The following topics provide additional information about each type of filter:
When the survivor calculator determines the values to populate in the SBR for a record, you want to eliminate any values that obviously do not represent the best value for the field. These are most likely default values that are used when the actual value of a field is unknown. When a filter is defined for a field and a system object contains an excluded value in that field, the survivor calculator ignores that value and uses a value from a different system record for the survivor calculator. If there is only one system record in the enterprise record and that system record contains an excluded value, the excluded value is used for the SBR since there is no other value to use.
As an example, if you define a SBR filter for FirstName to exclude the value “Baby” and an enterprise record contains two system records, one with a FirstName of “Baby” and one with a FirstName of “Joel”, then the value populated into the SBR is “Joel” regardless of how the survivor calculator is defined. If you have the same filter definition with an enterprise record that contains only one system record and the value of the FirstName is “Baby”, then the value populated into the SBR is “Baby”.
When a message comes in to the master index application, values from the message are used as criteria for the blocking query used for matching. Several queries are created depending on the number of blocks that are defined. If the incoming message contains common default values, the query could result in an inordinate number of possible matches being returned from the master index database for the match process.
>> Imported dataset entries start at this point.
(* Let $n\ge 1$, let $U$ be a unitary on $n$ qubits (the compute qubits), let $\rho$ be an arbitrary $n$-qubit density matrix, and let $\mathcal{E}(\sigma)=\sum_i E_i\sigma E_i^\dagger$ be an arbitrary noise map acting on the compute qubits only. Then there exist $m\ge 1$ and checks $\tilde C_{1,k},\tilde C_{2,k}$ ($k=1,\dots,m$), i.e. $n$-qubit unitaries satisfying $\tilde C_{2,k}\,U\,\tilde C_{1,k}=U$ for every $k$, such that, whenever the probability of obtaining outcome $0$ on all $m$ ancillas in the $m$-layer Pauli check sandwiching protocol (with noise $\mathcal{E}$ acting immediately after $U$) is nonzero, the postselected state $\rho_m$ of the compute qubits satisfies $F(\rho_m,U\rho U^\dagger)=1$.
   Context: The $m$-layer Pauli check sandwiching protocol: for each $k$, let $C_{j,k}=\tilde C_{j,k}\otimes|1\rangle\langle 1|_k+\mathbb{I}\otimes|0\rangle\langle 0|_k$ ($j=1,2$) be the controlled unitary with control on ancilla $k$ and target the compute qubits. Start with the compute qubits in $\rho$ and $m$ ancillas in $|0\rangle$; apply a Hadamard to every ancilla; apply $C_{1,m},\dots,C_{1,1}$ (in this order); apply $U$ to the compute qubits; apply the noise map $\mathcal{E}$ to the compute qubits; apply $C_{2,1},\dots,C_{2,m}$ (in this order); apply a Hadamard to every ancilla; measure all ancillas in the computational basis and keep only the runs in which every ancilla gives outcome $0$. The postselected state $\rho_m$ is the (renormalized) resulting state of the compute qubits. Fidelity is $F(\rho,\omega)=\left(\operatorname{tr}\sqrt{\sqrt{\rho}\,\omega\sqrt{\rho}}\right)^2$. *)

theory Defs
  imports "Jordan_Normal_Form.Schur_Decomposition"
begin

abbreviation dag :: "complex mat \<Rightarrow> complex mat" where
  "dag A \<equiv> mat_adjoint A"

definition mtrace :: "complex mat \<Rightarrow> complex" where
  "mtrace A = (\<Sum>i<dim_row A. A $$ (i, i))"

definition unitary_mat :: "nat \<Rightarrow> complex mat \<Rightarrow> bool" where
  "unitary_mat d U \<longleftrightarrow> U \<in> carrier_mat d d \<and> dag U * U = 1\<^sub>m d \<and> U * dag U = 1\<^sub>m d"

definition psd_mat :: "nat \<Rightarrow> complex mat \<Rightarrow> bool" where
  "psd_mat d A \<longleftrightarrow> A \<in> carrier_mat d d \<and> dag A = A \<and>
     (\<forall>v \<in> carrier_vec d. 0 \<le> Re ((A *\<^sub>v v) \<bullet>c v))"

definition density_mat :: "nat \<Rightarrow> complex mat \<Rightarrow> bool" where
  "density_mat d \<rho> \<longleftrightarrow> psd_mat d \<rho> \<and> mtrace \<rho> = 1"

definition msqrt :: "complex mat \<Rightarrow> complex mat" where
  "msqrt A = (THE B. psd_mat (dim_row A) B \<and> B * B = A)"

definition fidelity :: "complex mat \<Rightarrow> complex mat \<Rightarrow> real" where
  "fidelity \<rho> \<omega> = (Re (mtrace (msqrt (msqrt \<rho> * \<omega> * msqrt \<rho>)))) ^ 2"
You can reduce this overhead by excluding known invalid values from blocking query fields, thereby reducing the number of non-matching query results.
As an example, a blocking filter for the Phone field excludes the value “9999999999” and the blocking query contains a block on the FirstName and Phone fields. If an incoming record contains “9999999999” in the Phone field, the blocking query returns no matching records for that specific block of the query. Note that records containing the excluded value might be returned by other blocks in the query that do not include the Phone field.
When a master index application matches incoming records against records that already exist in the master index database, you want to be sure the composite weights are not artificially inflated due to matching on default values in certain fields. One of the most common problems in matching arises from the SSN (or other national identifier) in person data. This field should be one of the most reliable identifiers of a person since the number is unique to each person and the field is typically required so it should not be null. This means that if the SSN of a person is unknown, the person entering the data must enter some value that is not a valid SSN. Often the numbers “999999999” or “000000000” are used. If an incoming record contains one of these values, the match process returns the full agreement weight for the SSN field against other records containing the default data. We know this match value is meaningless in this case.
You can reduce the number of inaccurate matches and potential matches by defining an exclusion list for specific fields in the match string. When a match filter is defined against a field and an incoming record contains an excluded value, that value is ignored in the match process and does not contribute to the composite match weight.
An exclusion list defines all values to filter out or ignore for a specific field. You can define exclusion lists directly in the filter.xml file or you can create exclusion lists in text files and reference those files from filter.xml. You should create an exclusion list file for each field for which filters are defined, and you might need to create separate files for a field whose excluded values for SBR processing do not match the excluded values for matching or blocking, for example.